头图

ShowMeAI研究中心


第2门课 改善深层神经网络:超参数调试、正则化以及优化,第3周:超参数调试,batch正则化和程序框架

This series is based on the learning and summary of Mr. Wu Enda's "Deep Learning Specialization". The corresponding course videos can be viewed here .

introduction

In ShowMeAI's previous article, Neural Network Optimization Algorithms , we introduced the following:

  • batch/mini-batch/ Stochastic gradient descent
  • Exponentially weighted averages and bias correction
  • Momentum Gradient Descent, RMSprop and Adam Algorithms
  • learning rate decay
  • The concept and conclusion of local optimum

In this article, we will focus on the three parts of hyperparameter debugging, BN (Batch Normalization) and deep learning programming framework.

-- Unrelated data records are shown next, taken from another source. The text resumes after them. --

(* Let $K=K_1\times\cdots\times K_n$ be a product of CM fields, let $\alpha=(\alpha_1,\dots,\alpha_n)\in K$, and let $g_i\in\mathbb{Z}[x]$ be the minimal polynomial of $\alpha_i+\overline{\alpha}_i$. Then $\alpha$ is a Weil generator for $K$ if and only if (i) each $\alpha_i$ is a Weil generator for $K_i$, (ii) $\alpha_1\overline{\alpha}_1=\cdots=\alpha_n\overline{\alpha}_n$, and (iii) $|\operatorname{Res}(g_i,g_j)|=1$ for all $i\neq j$.
   Context: For a product of CM fields $K=K_1\times\cdots\times K_n$ (with componentwise CM involution $\overline{\cdot}$), an element $\alpha\in K$ is a Weil generator for $K$ if $\alpha\overline{\alpha}$ lies in the image of the diagonal embedding $\mathbb{Z}\to K$ and $\mathbb{Z}[\alpha,\overline{\alpha}]=\mathcal{O}_K:=\prod_i\mathcal{O}_{K_i}$. $\operatorname{Res}$ denotes the resultant. *)

theory Defs
  imports Complex_Main "HOL-Computational_Algebra.Polynomial_Factorial" "Subresultants.Resultant_Prelim"
begin

text \<open>Number fields are modelled as subfields of the complex numbers that are
  finite-dimensional over the rationals.\<close>

definition subfield_C :: "complex set \<Rightarrow> bool" where
  "subfield_C K \<longleftrightarrow> 0 \<in> K \<and> 1 \<in> K \<and>
     (\<forall>x\<in>K. \<forall>y\<in>K. x + y \<in> K \<and> x * y \<in> K) \<and>
     (\<forall>x\<in>K. - x \<in> K \<and> inverse x \<in> K)"

definition number_field :: "complex set \<Rightarrow> bool" where
  "number_field K \<longleftrightarrow> subfield_C K \<and>
     (\<exists>B. finite B \<and> B \<subseteq> K \<and> (\<forall>x\<in>K. \<exists>c. x = (\<Sum>b\<in>B. of_rat (c b) * b)))"

definition field_embedding :: "complex set \<Rightarrow> (complex \<Rightarrow> complex) \<Rightarrow> bool" where
  "field_embedding K \<sigma> \<longleftrightarrow> \<sigma> 1 = 1 \<and>
     (\<forall>x\<in>K. \<forall>y\<in>K. \<sigma> (x + y) = \<sigma> x + \<sigma> y \<and> \<sigma> (x * y) = \<sigma> x * \<sigma> y)"

text \<open>For a CM field inside the complex numbers the CM involution
  is necessarily the restriction of complex conjugation.\<close>
definition CM_field :: "complex set \<Rightarrow> bool" where
  "CM_field K \<longleftrightarrow> number_field K \<and> (\<forall>x\<in>K. cnj x \<in> K) \<and> (\<exists>x\<in>K. x \<notin> \<real>) \<and>
     (\<forall>\<sigma>. field_embedding K \<sigma> \<longrightarrow> (\<forall>x\<in>K. \<sigma> (cnj x) = cnj (\<sigma> x)))"

definition alg_integer :: "complex \<Rightarrow> bool" where
  "alg_integer x \<longleftrightarrow> (\<exists>p :: int poly. lead_coeff p = 1 \<and> poly (map_poly of_int p) x = 0)"

definition ring_of_integers :: "complex set \<Rightarrow> complex set" where
  "ring_of_integers K = {x \<in> K. alg_integer x}"

definition int_alg2 :: "complex \<Rightarrow> complex \<Rightarrow> complex set" where
  "int_alg2 a b = {y. \<exists>N (c :: nat \<Rightarrow> nat \<Rightarrow> int).
      y = (\<Sum>i<N. \<Sum>j<N. of_int (c i j) * a ^ i * b ^ j)}"

definition weil_generator :: "complex set \<Rightarrow> complex \<Rightarrow> bool" where
  "weil_generator K a \<longleftrightarrow> a \<in> K \<and> a * cnj a \<in> \<int> \<and> int_alg2 a (cnj a) = ring_of_integers K"

text \<open>Product K_0 x ... x K_(n-1): elements are functions nat => complex with value 0
  outside {0..<n}; operations and conjugation are componentwise.\<close>
definition prod_ring_of_integers :: "nat \<Rightarrow> (nat \<Rightarrow> complex set) \<Rightarrow> (nat \<Rightarrow> complex) set" where
  "prod_ring_of_integers n K =
     {x. (\<forall>k<n. x k \<in> ring_of_integers (K k)) \<and> (\<forall>k\<ge>n. x k = 0)}"

definition prod_int_alg2 :: "nat \<Rightarrow> (nat \<Rightarrow> complex) \<Rightarrow> (nat \<Rightarrow> complex) set" where
  "prod_int_alg2 n \<alpha> = {x. \<exists>N (c :: nat \<Rightarrow> nat \<Rightarrow> int). x = (\<lambda>k. if k < n then
      (\<Sum>i<N. \<Sum>j<N. of_int (c i j) * \<alpha> k ^ i * cnj (\<alpha> k) ^ j) else 0)}"

definition weil_generator_prod :: "nat \<Rightarrow> (nat \<Rightarrow> complex set) \<Rightarrow> (nat \<Rightarrow> complex) \<Rightarrow> bool" where
  "weil_generator_prod n K \<alpha> \<longleftrightarrow> (\<forall>k<n. \<alpha> k \<in> K k) \<and>
     (\<exists>q :: int. \<forall>k<n. \<alpha> k * cnj (\<alpha> k) = of_int q) \<and>
     prod_int_alg2 n \<alpha> = prod_ring_of_integers n K"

1. Hyperparameter debugging

调试处理 Tuning Process

There are many hyperparameters ( Hyperparameters ) that need to be debugged for deep neural networks. Let's take a look at how to debug them.

1.1 Ranking of importance

Among the hyperparameters mentioned by Mr. Wu Enda, the order of importance is (for reference only):

超参数调试处理

Most important :

  • Learning rate\( \alpha\)

Next important :

  • \( \beta\) : Momentum decay parameter, usually set to 0.9
  • \( n^{[l]}\) : The number of neurons in each hidden layer (#hidden units)
  • Size of Mini-Batch

Important again :

  • \( \beta_1\) , \( \beta_2\) , \( \varepsilon\) : Hyperparameters of Adam's optimization algorithm, usually set to 0.9, 0.999, \( 10^{-8}\)
  • \( L\) : the number of neural network layers (#layers)
  • decay_rate: learning decay rate

1.2 Parameter tuning skills

Let's take a look at the hyperparameter selection and debugging methods of neural networks. In traditional machine learning, we select any number of points equidistantly for each parameter, and then use the parameter combinations corresponding to different points for training, and finally select the best one according to the performance on the validation set. parameter.

For example, there are two parameters to be debugged, Hyperparameter 1 and Hyperparameter 2. On each parameter, select \( 5\) points at even intervals, thus forming \( 5 \times 5=25\) parameter combinations, as shown in the figure shown. This approach works better when there are fewer parameters.

超参数调试处理

However, in the deep neural network model, we generally do not use this method of evenly spaced points, and a better way is to use random selection. That is to say, for the above example, we randomly select 25 points as hyperparameters to be debugged, as shown in the following figure:

超参数调试处理

The purpose of randomizing the selection of parameters is to obtain as many parameter combinations as possible. Still in the above example, with uniform sampling, there are only 5 cases for each parameter; with random sampling, there are 25 possible cases for each parameter, so it is more likely to get the best parameter combination.

Another benefit of this approach is that the selection between parameters of different importance is better . Assuming that hyperparameter1 is \( \alpha\) and hyperparameter2 is \( \varepsilon\), obviously the importance of the two is different.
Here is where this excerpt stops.